于山深吸了一口氣,用以緩解內心的緊張。而後快步走過去,坐在椅子上。
在他面前,樹著一臺怪模怪樣的機器。機器的後頭站著一個男子,前頭站著一位大人物――abc廣播董事長,秋寒煙。
“你準備好了?”秋寒煙公式化地問著。
于山長出一口氣,舉起雙手:“沒問題了,夫人。”
秋寒煙衝著身後的男子點點頭:“action!”
攝影機吱吱啦啦地開始轉動,將於山那因為緊張而顯得蒼白的臉記錄在黑白膠片上。而在另一邊,一臺留聲機開始同步記錄聲音。

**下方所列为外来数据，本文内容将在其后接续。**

text \<open>Places have type 's and transitions type 't, so S and T
  are automatically disjoint. The flow function F is split into
  pre s t = F(s,t) and post t s = F(t,s). Markings are functions 's => nat
  which are 0 outside the place set.\<close>

record ('s,'t,'l) pnet =
  places :: "'s set"
  trans  :: "'t set"
  pre    :: "'s \<Rightarrow> 't \<Rightarrow> nat"
  post   :: "'t \<Rightarrow> 's \<Rightarrow> nat"
  m0     :: "'s \<Rightarrow> nat"
  lab    :: "'t \<Rightarrow> 'l"

definition wf_net :: "('s,'t,'l) pnet \<Rightarrow> bool" where
  "wf_net N \<longleftrightarrow>
     (\<forall>s t. pre N s t \<noteq> 0 \<longrightarrow> s \<in> places N \<and> t \<in> trans N) \<and>
     (\<forall>t s. post N t s \<noteq> 0 \<longrightarrow> s \<in> places N \<and> t \<in> trans N) \<and>
     (\<forall>s. m0 N s \<noteq> 0 \<longrightarrow> s \<in> places N)"

definition pre_ms :: "('s,'t,'l) pnet \<Rightarrow> 't multiset \<Rightarrow> 's \<Rightarrow> nat" where
  "pre_ms N G s = (\<Sum>t\<in>#G. pre N s t)"

definition post_ms :: "('s,'t,'l) pnet \<Rightarrow> 't multiset \<Rightarrow> 's \<Rightarrow> nat" where
  "post_ms N G s = (\<Sum>t\<in>#G. post N t s)"

definition fires :: "('s,'t,'l) pnet \<Rightarrow> ('s \<Rightarrow> nat) \<Rightarrow> 't multiset \<Rightarrow> ('s \<Rightarrow> nat) \<Rightarrow> bool" where
  "fires N M G M' \<longleftrightarrow>
     G \<noteq> {#} \<and> set_mset G \<subseteq> trans N \<and>
     (\<forall>s. pre_ms N G s \<le> M s) \<and>
     M' = (\<lambda>s. M s - pre_ms N G s + post_ms N G s)"

inductive_set reachable :: "('s,'t,'l) pnet \<Rightarrow> ('s \<Rightarrow> nat) set" for N where
  init: "m0 N \<in> reachable N"
| step: "M \<in> reachable N \<Longrightarrow> fires N M G M' \<Longrightarrow> M' \<in> reachable N"

definition conc :: "('s,'t,'l) pnet \<Rightarrow> 't \<Rightarrow> 't \<Rightarrow> bool" where
  "conc N t u \<longleftrightarrow> (\<exists>M \<in> reachable N. \<exists>M'. fires N M ({#t#} + {#u#}) M')"

definition preset :: "('s,'t,'l) pnet \<Rightarrow> 't \<Rightarrow> 's set" where
  "preset N t = {s. pre N s t \<noteq> 0}"

definition structural_conflict_net :: "('s,'t,'l) pnet \<Rightarrow> bool" where
  "structural_conflict_net N \<longleftrightarrow>
     (\<forall>t u. conc N t u \<longrightarrow> preset N t \<inter> preset N u = {})"

definition component :: "('s,'t,'l) pnet \<Rightarrow> 's set \<Rightarrow> 's set \<Rightarrow> bool" where
  "component N Inp Out \<longleftrightarrow> wf_net N \<and> Inp \<subseteq> places N \<and> Out \<subseteq> places N \<and> Inp \<inter> Out = {} \<and>
     (\<forall>p\<in>Out. \<forall>t. pre N p t = 0)"

definition size_restr_one :: "'s set \<Rightarrow> ('s \<Rightarrow> nat) \<Rightarrow> bool" where
  "size_restr_one Q f \<longleftrightarrow> (\<exists>q\<in>Q. f q = 1 \<and> (\<forall>q'\<in>Q. q' \<noteq> q \<longrightarrow> f q' = 0))"

definition sequential :: "('s,'t,'l) pnet \<Rightarrow> 's set \<Rightarrow> 's set \<Rightarrow> bool" where
  "sequential N Inp Out \<longleftrightarrow> component N Inp Out \<and>
     (\<exists>Q. Q \<subseteq> places N - (Inp \<union> Out) \<and>
          (\<forall>t\<in>trans N. size_restr_one Q (\<lambda>s. pre N s t) \<and> size_restr_one Q (\<lambda>s. post N t s)) \<and>
          size_restr_one Q (m0 N))"

text \<open>Since places and transitions have different types, the condition
  (S_k u T_k) n (S_l u T_l) = (I_k u O_k) n (I_l u O_l) splits into a condition on
  places and disjointness of transition sets.\<close>
definition async_comp_eq ::
  "'k set \<Rightarrow> ('k \<Rightarrow> ('s,'t,'l) pnet) \<Rightarrow> ('k \<Rightarrow> 's set) \<Rightarrow> ('k \<Rightarrow> 's set) \<Rightarrow>
   ('s,'t,'l) pnet \<Rightarrow> 's set \<Rightarrow> 's set \<Rightarrow> bool" where
  "async_comp_eq K C IC OC N Inp Out \<longleftrightarrow>
     (\<forall>k\<in>K. \<forall>l\<in>K. k \<noteq> l \<longrightarrow>
        places (C k) \<inter> places (C l) = (IC k \<union> OC k) \<inter> (IC l \<union> OC l) \<and>
        trans (C k) \<inter> trans (C l) = {} \<and>
        IC k \<inter> IC l = {}) \<and>
     (\<forall>s. finite {k\<in>K. m0 (C k) s \<noteq> 0}) \<and>
     places N = (\<Union>k\<in>K. places (C k)) \<and>
     trans N = (\<Union>k\<in>K. trans (C k)) \<and>
     (\<forall>s t. pre N s t = (\<Sum>k\<in>{k\<in>K. t \<in> trans (C k)}. pre (C k) s t)) \<and>
     (\<forall>t s. post N t s = (\<Sum>k\<in>{k\<in>K. t \<in> trans (C k)}. post (C k) t s)) \<and>
     (\<forall>s. m0 N s = (\<Sum>k\<in>{k\<in>K. m0 (C k) s \<noteq> 0}. m0 (C k) s)) \<and>
     (\<forall>k\<in>K. \<forall>t\<in>trans (C k). lab N t = lab (C k) t) \<and>
     Inp = (\<Union>k\<in>K. IC k) \<and>
     Out = (\<Union>k\<in>K. OC k) - (\<Union>k\<in>K. IC k)"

“我……我叫于山。現任第四步兵營三連下士。”于山緊張地說著。
“你好下士。”
“你好,夫人。”
“那麼,下士,你是在哪一年加入陸戰隊的?”
“43年,43年六月,如果我沒記錯的話。”于山老老實實地回答。
“那你應該參加過馬尼拉戰役了?”
“是的,我參加過。”
“你怎麼看待西班牙人?”
“他們是一群混蛋!”于山故作憤怒地說著:“我是說,他們是一群殖民者。繞過半個地球跑到亞洲,欺壓當地的百姓。雖然這是因為西班牙國王的命令……但他們的確做了不應該做的事。所以我們出兵了,為了解放呂宋人民,我們狠狠地揍了西班牙佬……西班牙人並不是懦夫,他們的普通士兵很勇敢。當時我還在雄鷹連,對,人們說的英雄連。登陸第三日,我們負責運送火炮。結果西班牙人的騎兵來了,很突然的就來了……”度過了最初的暈鏡頭階段,于山開始侃侃而談。他滔滔不絕地講述著,通過顛三倒四的言語,盡力還原著那場已經是一年前的戰爭。
“于山下士,請問你怎麼看此次支援明朝的抗清戰爭?”
“毫無疑問,這是又一次的正義行動。”于山臉色堅決地說著:“滿清……額,我可以稱呼他們為韃子麼?好的……要知道韃子,他們就是一群噁心的吸血鬼。幾年前我還在廣東的小村莊裡生活,雖然北方爆發了大規模的旱災與民亂,但我們的村子幾乎沒受什麼影響……除了在正常的稅收之外要額外繳納遼餉。然後我們家破產了,作為家裡的男丁,我不得不跑到廣州謀生。額,我想說的是,如果不是韃子,也許我現在已經娶妻生子了。你瞧,總比現在還是單身好吧?”熟悉了鏡頭之後,于山終於恢復了貧嘴的本質。
秋寒煙笑笑:“非常好,下士。感謝你的誠懇回答。現在還剩下最後一個問題……你面前的兩臺機器,會將你的影像以及聲音記錄下來,也許會在全中南進行播放。所以,趁著難得的機會,有什麼對澳洲同胞說的麼?”
“您是說這玩意……”于山頓時激動起來,深吸了兩口氣,方才的輕鬆完全不見,取而代之的身體的僵持:“大……大家好,希望……希望……額,國富民強?”
鏡頭的最後,留下了于山那張因為緊張而扭曲的臉。
“action!”
“額……我能抽支菸麼?對著這玩意我緊張。”馬卡洛夫軍士長試探著問。
“謝謝。”馬卡洛夫點燃了香菸,連連吸了幾口之後,這才滿意地說:“好吧,讓我們開始。”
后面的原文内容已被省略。